Keep your judgy pants to yourself and butt out!

EdgarAllanPond · 29/09/2012 21:59

although very much of the 'early as is convenient for you' camp - YABU

This is her mothers call.

imagine sending your children off to be looked after by someone else- surely you'd want your way to be adhered to as much as possible?
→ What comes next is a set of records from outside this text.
lemma not_sub_soundE:
  assumes "pWF N" "\<not> sub_sound N"
  obtains k k' m' where "0 < k" "k' \<le> k"
    "reach N (repeat_mset k (mset_set (inp N))) (m' + repeat_mset k' (mset_set (outp N)))"
    "\<not> reach N m' (repeat_mset (k - k') (mset_set (outp N)))"
proof -
  obtain k k' m' where kk: "k' \<le> k"
    and r: "reach N (repeat_mset k (mset_set (inp N))) (m' + repeat_mset k' (mset_set (outp N)))"
    and nr: "\<not> reach N m' (repeat_mset (k - k') (mset_set (outp N)))"
    using assms(2) unfolding sub_sound_def by blast
  have "k \<noteq> 0"
  proof
    assume "k = 0"
    with kk r have "m' = {#}" using pWF_reach_from_empty[OF assms(1)] by simp
    with nr \<open>k = 0\<close> show False by simp
  qed
  with kk r nr that show thesis by blast
qed

lemma preset_subst_place_inner:
  assumes "petri_net X" "pWF Y" "nodes X \<inter> nodes Y = {}" "t \<in> trans Y"
  shows "preset (subst_place X p Y) t = preset Y t"
proof -
  have t: "t \<notin> nodes X" "t \<notin> inp Y"
    using assms unfolding nodes_def pWF_def petri_net_def by auto
  have "t \<notin> postset X p" "(y, t) \<notin> flow X" for y
    using t flow_nodes[OF assms(1)] unfolding postset_def by auto
  with t show ?thesis unfolding preset_def subst_place_def by auto
qed
(* Let $V$ be a set of $n=2^N$ nodes, let $\mathcal{N}_t$ be an $N$-dimensional hypercube on $V$ at time $t$, and let $\sigma_1,\dots,\sigma_{t-1}$ be the communication requests that occurred before time $t$. Then for every node $u\in V$ there exists a node $v\in V$, $v\neq u$, such that $$d_{Tree}(\mathcal{N}_t,(u,v))\ \ge\ \left\lceil \log_2 T_t(u,v)\right\rceil ,$$ where $T_t(u,v)$ is the working set number of the pair $(u,v)$ at time $t$ (i.e. computed as if $(u,v)$ were the request at time $t$).
   Context: Hypercube networks: $V$ is a set of $n=2^N$ nodes. An $N$-dimensional hypercube on $V$ is a bijection $\mathrm{Coord}:V\to\{0,1\}^N$; two nodes are linked iff their coordinates differ in exactly one bit. $\mathrm{Coord}_i(x)$ is the $i$-th bit. For $0\le d\le N$, the level-$d$ subtree $s^x_d$ of a node $x$ is the set of nodes whose coordinates agree with $\mathrm{Coord}(x)$ in the first $d$ bits (so $s^x_0=V$, $|s^x_d|=2^{N-d}$, $s^x_N=\{x\}$). The level-$d$ complementary subtree $\sim s^x_d$ ($1\le d\le N$) is $s^x_{d-1}\setminus s^x_d$. For nodes $u,v$, $L_{lca}(u,v)$ is the largest $\ell$ such that $u$ and $v$ lie in the same level-$\ell$ subtree (the length of the longest common prefix of their coordinates), and the tree distance is $d_{Tree}(\mathcal{N}_t,(u,v))=N-L_{lca}(u,v)$. Communications: a request sequence $\sigma=(\sigma_1,\dots,\sigma_m)$ with $\sigma_i=(u_i,v_i)\in V\times V$, $u_i\ne v_i$, request $\sigma_i$ occurring at time $i$; the network at time $i$ is $\mathcal{N}_i$. For times $t'\le t$, the communication graph on $[t',t)$ is the simple undirected graph on vertex set $V$ with an edge $\{a,b\}$ for each request $(a,b)$ made at a time in $[t',t)$; $\mathcal{G}_x(t',t)$ denotes the connected component containing $x$ in it. Working set number $T_t(u,v)$ of a pair $(u,v)$ at time $t$: (i) if $u$ and $v$ communicated before time $t$, let $t'$ be the last such time; then $T_t(u,v)$ is the number of nodes of $\mathcal{G}_u(t',t)$; (ii) otherwise, let $V_u,V_v$ be the vertex sets of $\mathcal{G}_u(0,t)$ and $\mathcal{G}_v(0,t)$; if $v\in V_u$, then $T_t(u,v)=|V_u|$; if $v\notin V_u$, then $T_t(u,v)=\max(2^{d},|V_u|+|V_v|)$ where $d=d_{Tree}(\mathcal{N}_t,(u,v))$. *)

theory Defs
  imports Complex_Main
begin

text \<open>An N-dimensional hypercube on V: a bijection Coord from V onto the bit strings
  of length N (bit strings as bool lists; bit i is Coord x ! i, the "first d bits"
  are take d).\<close>
definition hypercube :: "'a set \<Rightarrow> nat \<Rightarrow> ('a \<Rightarrow> bool list) \<Rightarrow> bool" where
  "hypercube V N Coord \<longleftrightarrow> bij_betw Coord V {xs. length xs = N}"

definition linked :: "('a \<Rightarrow> bool list) \<Rightarrow> 'a \<Rightarrow> 'a \<Rightarrow> bool" where
  "linked Coord a b \<longleftrightarrow> card {i. i < length (Coord a) \<and> Coord a ! i \<noteq> Coord b ! i} = 1"

definition subtree :: "'a set \<Rightarrow> ('a \<Rightarrow> bool list) \<Rightarrow> 'a \<Rightarrow> nat \<Rightarrow> 'a set" where
  "subtree V Coord x d = {y \<in> V. take d (Coord y) = take d (Coord x)}"

definition L_lca :: "'a set \<Rightarrow> nat \<Rightarrow> ('a \<Rightarrow> bool list) \<Rightarrow> 'a \<Rightarrow> 'a \<Rightarrow> nat" where
  "L_lca V N Coord u v = (GREATEST l. l \<le> N \<and> v \<in> subtree V Coord u l)"

definition d_Tree :: "'a set \<Rightarrow> nat \<Rightarrow> ('a \<Rightarrow> bool list) \<Rightarrow> 'a \<Rightarrow> 'a \<Rightarrow> nat" where
  "d_Tree V N Coord u v = N - L_lca V N Coord u v"

text \<open>Requests: sigma i is the request at time i (i >= 1). Communication graph on
  [t', t): undirected edges from requests made at times i with t' <= i < t.\<close>
definition comm_edge :: "(nat \<Rightarrow> 'a \<times> 'a) \<Rightarrow> nat \<Rightarrow> nat \<Rightarrow> ('a \<times> 'a) set" where
  "comm_edge \<sigma> t' t = {(a, b). \<exists>i. 1 \<le> i \<and> t' \<le> i \<and> i < t \<and> (\<sigma> i = (a, b) \<or> \<sigma> i = (b, a))}"

definition comp :: "(nat \<Rightarrow> 'a \<times> 'a) \<Rightarrow> nat \<Rightarrow> nat \<Rightarrow> 'a \<Rightarrow> 'a set" where
  "comp \<sigma> t' t x = {y. (x, y) \<in> (comm_edge \<sigma> t' t)\<^sup>*}"

definition communicated :: "(nat \<Rightarrow> 'a \<times> 'a) \<Rightarrow> nat \<Rightarrow> 'a \<Rightarrow> 'a \<Rightarrow> bool" where
  "communicated \<sigma> t u v \<longleftrightarrow> (\<exists>i. 1 \<le> i \<and> i < t \<and> (\<sigma> i = (u, v) \<or> \<sigma> i = (v, u)))"

definition last_comm :: "(nat \<Rightarrow> 'a \<times> 'a) \<Rightarrow> nat \<Rightarrow> 'a \<Rightarrow> 'a \<Rightarrow> nat" where
  "last_comm \<sigma> t u v = (GREATEST i. 1 \<le> i \<and> i < t \<and> (\<sigma> i = (u, v) \<or> \<sigma> i = (v, u)))"

definition working_set :: "'a set \<Rightarrow> nat \<Rightarrow> ('a \<Rightarrow> bool list) \<Rightarrow> (nat \<Rightarrow> 'a \<times> 'a) \<Rightarrow> nat \<Rightarrow> 'a \<Rightarrow> 'a \<Rightarrow> nat" where
  "working_set V N Coord \<sigma> t u v =
     (if communicated \<sigma> t u v then card (comp \<sigma> (last_comm \<sigma> t u v) t u)
      else if v \<in> comp \<sigma> 0 t u then card (comp \<sigma> 0 t u)
      else max (2 ^ d_Tree V N Coord u v) (card (comp \<sigma> 0 t u) + card (comp \<sigma> 0 t v)))"

end

theory Submission
  imports Defs
begin

text \<open>Take for v a node whose first coordinate bit differs from that of u. Then u and v
  share only the root subtree, so their tree distance is the maximal value N. On the
  other hand every working set number is at most the number 2^N of nodes: components of
  the communication graph lie inside V, two different components are disjoint, and
  2^(d_Tree) \<le> 2^N. Hence \<lceil>log 2 T\<rceil> \<le> N.\<close>

lemma comp_subset:
  assumes "\<And>i. 1 \<le> i \<Longrightarrow> i < t \<Longrightarrow> fst (\<sigma> i) \<in> V \<and> snd (\<sigma> i) \<in> V"
    and "u \<in> V"
  shows "comp \<sigma> t' t u \<subseteq> V"
proof
  fix y assume "y \<in> comp \<sigma> t' t u"
  hence "(u, y) \<in> (comm_edge \<sigma> t' t)\<^sup>*" by (simp add: comp_def)
  thus "y \<in> V"
  proof (induction rule: rtrancl_induct)
    case base
    show ?case using assms(2) .
  next
    case (step y z)
    then obtain i where "1 \<le> i" "i < t" "\<sigma> i = (y, z) \<or> \<sigma> i = (z, y)"
      by (auto simp: comm_edge_def)
    then show ?case using assms(1)[of i] by auto
  qed
qed

lemma sym_comm_edge: "sym (comm_edge \<sigma> t' t)"
  by (auto simp: sym_def comm_edge_def)

lemma comp_disjoint:
  assumes "v \<notin> comp \<sigma> t' t u"
  shows "comp \<sigma> t' t u \<inter> comp \<sigma> t' t v = {}"
proof (rule ccontr)
  let ?R = "(comm_edge \<sigma> t' t)\<^sup>*"
  assume "comp \<sigma> t' t u \<inter> comp \<sigma> t' t v \<noteq> {}"
  then obtain x where ux: "(u, x) \<in> ?R" and vx: "(v, x) \<in> ?R"
    by (auto simp: comp_def)
  have "(x, v) \<in> ?R"
    using vx sym_rtrancl[OF sym_comm_edge] by (meson symD)
  with ux have "(u, v) \<in> ?R" by (meson rtrancl_trans)
  thus False using assms by (simp add: comp_def)
qed

lemma d_Tree_le: "d_Tree V N Coord u v \<le> N"
  by (simp add: d_Tree_def)

lemma working_set_le_card:
  assumes "finite V"
    and "\<And>i. 1 \<le> i \<Longrightarrow> i < t \<Longrightarrow> fst (\<sigma> i) \<in> V \<and> snd (\<sigma> i) \<in> V"
    and "u \<in> V" and "v \<in> V"
  shows "working_set V N Coord \<sigma> t u v \<le> max (2 ^ N) (card V)"
proof -
  have comp_le: "card (comp \<sigma> t' t x) \<le> card V" if "x \<in> V" for t' x
    using card_mono[OF assms(1) comp_subset[of t \<sigma> V, OF assms(2) that]] .
  have sum_le: "card (comp \<sigma> 0 t u) + card (comp \<sigma> 0 t v) \<le> card V"
    if "v \<notin> comp \<sigma> 0 t u"
  proof -
    have su: "comp \<sigma> 0 t u \<subseteq> V"
      using comp_subset[of t \<sigma> V, OF assms(2) assms(3)] .
    have sv: "comp \<sigma> 0 t v \<subseteq> V"
      using comp_subset[of t \<sigma> V, OF assms(2) assms(4)] .
    have "card (comp \<sigma> 0 t u) + card (comp \<sigma> 0 t v) = card (comp \<sigma> 0 t u \<union> comp \<sigma> 0 t v)"
      using card_Un_disjoint[OF finite_subset[OF su assms(1)] finite_subset[OF sv assms(1)]
          comp_disjoint[OF that]] by simp
    also have "\<dots> \<le> card V"
      using su sv assms(1) by (intro card_mono) auto
    finally show ?thesis .
  qed
  have pow_le: "(2::nat) ^ d_Tree V N Coord u v \<le> 2 ^ N"
    using d_Tree_le by (intro power_increasing) auto
  show ?thesis
  proof (cases "communicated \<sigma> t u v \<or> v \<in> comp \<sigma> 0 t u")
    case True
    then show ?thesis
      unfolding working_set_def using comp_le[OF assms(3)] by (auto intro: max.coboundedI2)
  next
    case False
    then show ?thesis
      unfolding working_set_def using max.mono[OF pow_le sum_le] by auto
  qed
qed

lemma L_lca_eq_0_if_first_bit_differs:
  assumes "Coord v ! 0 \<noteq> Coord u ! 0" and "v \<in> V"
  shows "L_lca V N Coord u v = 0"
  unfolding L_lca_def
proof (rule Greatest_equality)
  show "0 \<le> N \<and> v \<in> subtree V Coord u 0"
    using assms(2) by (simp add: subtree_def)
next
  fix l assume "l \<le> N \<and> v \<in> subtree V Coord u l"
  hence "take l (Coord v) = take l (Coord u)" by (simp add: subtree_def)
  hence "l > 0 \<Longrightarrow> Coord v ! 0 = Coord u ! 0"
    by (metis nth_take)
  thus "l \<le> 0"
    using assms(1) by linarith
qed

lemma hypercube_flip_first_bit:
  assumes "hypercube V N Coord" and "N \<ge> 1" and "u \<in> V"
  obtains v where "v \<in> V" and "Coord v ! 0 \<noteq> Coord u ! 0"
proof -
  have bij: "bij_betw Coord V {xs. length xs = N}"
    using assms(1) by (simp add: hypercube_def)
  hence "length (Coord u) = N"
    using assms(3) by (auto dest: bij_betw_apply)
  hence "(\<not> Coord u ! 0) # tl (Coord u) \<in> Coord ` V"
    using bij assms(2) by (simp add: bij_betw_def)
  then obtain v where "v \<in> V" "Coord v = (\<not> Coord u ! 0) # tl (Coord u)"
    by (metis imageE)
  thus ?thesis using that by simp
qed

lemma ceiling_log2_le:
  assumes "m \<le> 2 ^ N"
  shows "\<lceil>log 2 (real m)\<rceil> \<le> int N"
proof -
  have "log 2 (real m) \<le> real N"
  proof (cases "m = 0")
    case True
    then show ?thesis by (simp add: log_def)
  next
    case False
    then show ?thesis using assms log_of_power_le[of m 2 N] by simp
  qed
  thus ?thesis by (simp add: ceiling_le_iff)
qed

theorem mainTheorem1:
  fixes V :: "'a set" and N :: nat and Coord :: "'a \<Rightarrow> bool list"
    and \<sigma> :: "nat \<Rightarrow> 'a \<times> 'a" and t :: nat and u :: 'a
  assumes "finite V" and "card V = 2 ^ N" and "N \<ge> 1"
    and "hypercube V N Coord"
    and "\<And>i. 1 \<le> i \<Longrightarrow> i < t \<Longrightarrow> fst (\<sigma> i) \<in> V \<and> snd (\<sigma> i) \<in> V \<and> fst (\<sigma> i) \<noteq> snd (\<sigma> i)"
    and "u \<in> V"
  shows "\<exists>v\<in>V. v \<noteq> u \<and>
           of_int \<lceil>log 2 (real (working_set V N Coord \<sigma> t u v))\<rceil> \<le> real (d_Tree V N Coord u v)"
proof -
  obtain v where v: "v \<in> V" and differs: "Coord v ! 0 \<noteq> Coord u ! 0"
    using hypercube_flip_first_bit[OF assms(4,3,6)] .
  have "d_Tree V N Coord u v = N"
    using L_lca_eq_0_if_first_bit_differs[OF differs v] by (simp add: d_Tree_def)
  moreover have "working_set V N Coord \<sigma> t u v \<le> 2 ^ N"
    using working_set_le_card[of V t \<sigma> u v N Coord] assms v by simp
  ultimately have "\<lceil>log 2 (real (working_set V N Coord \<sigma> t u v))\<rceil> \<le> int (d_Tree V N Coord u v)"
    using ceiling_log2_le by simp
  moreover have "v \<noteq> u" using differs by blast
  ultimately show ?thesis using v by auto
qed

end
NiceCupOfTeaAndASitDown · 29/09/2012 21:59

This is not going to end well. I'd give you my first ever Biscuit but I can't not say that it's absolutely nothing to do with you - YABVVU to think that you have any kind of right to make a decision like this. You are undermining your DP, if I were his exW I'd be absolutely furious with you and I just feel sorry for this poor child who probably wonders what on earth she's done wrong to be forced into something so humiliating - she's JUST 3 ffs, it's possible this will be psychologically damaging when it comes to the right time for 'training' (which I personally don't agree with anyway but that's for another thread) - I can only imagine this is a reverse AIBU and you're actually the girl's mother, in which case YANBU and have every right to be royally pissed off!

nailak · 29/09/2012 22:00

yabu, my kids didnt train until they were over 3, they self trained, my dd2(4) one day came in when i was on the toilet and told me to get off and then went to toilet and from that day I took her nappy off and she was dry day and night.

My older DD also trained after 3, and from the off was dry day and night.

I am very against putting nappies on sometimes and not other times as I have seen cases where it prolongs toilet training as the child gets confused. SO I would be v.angry if you did this to my child.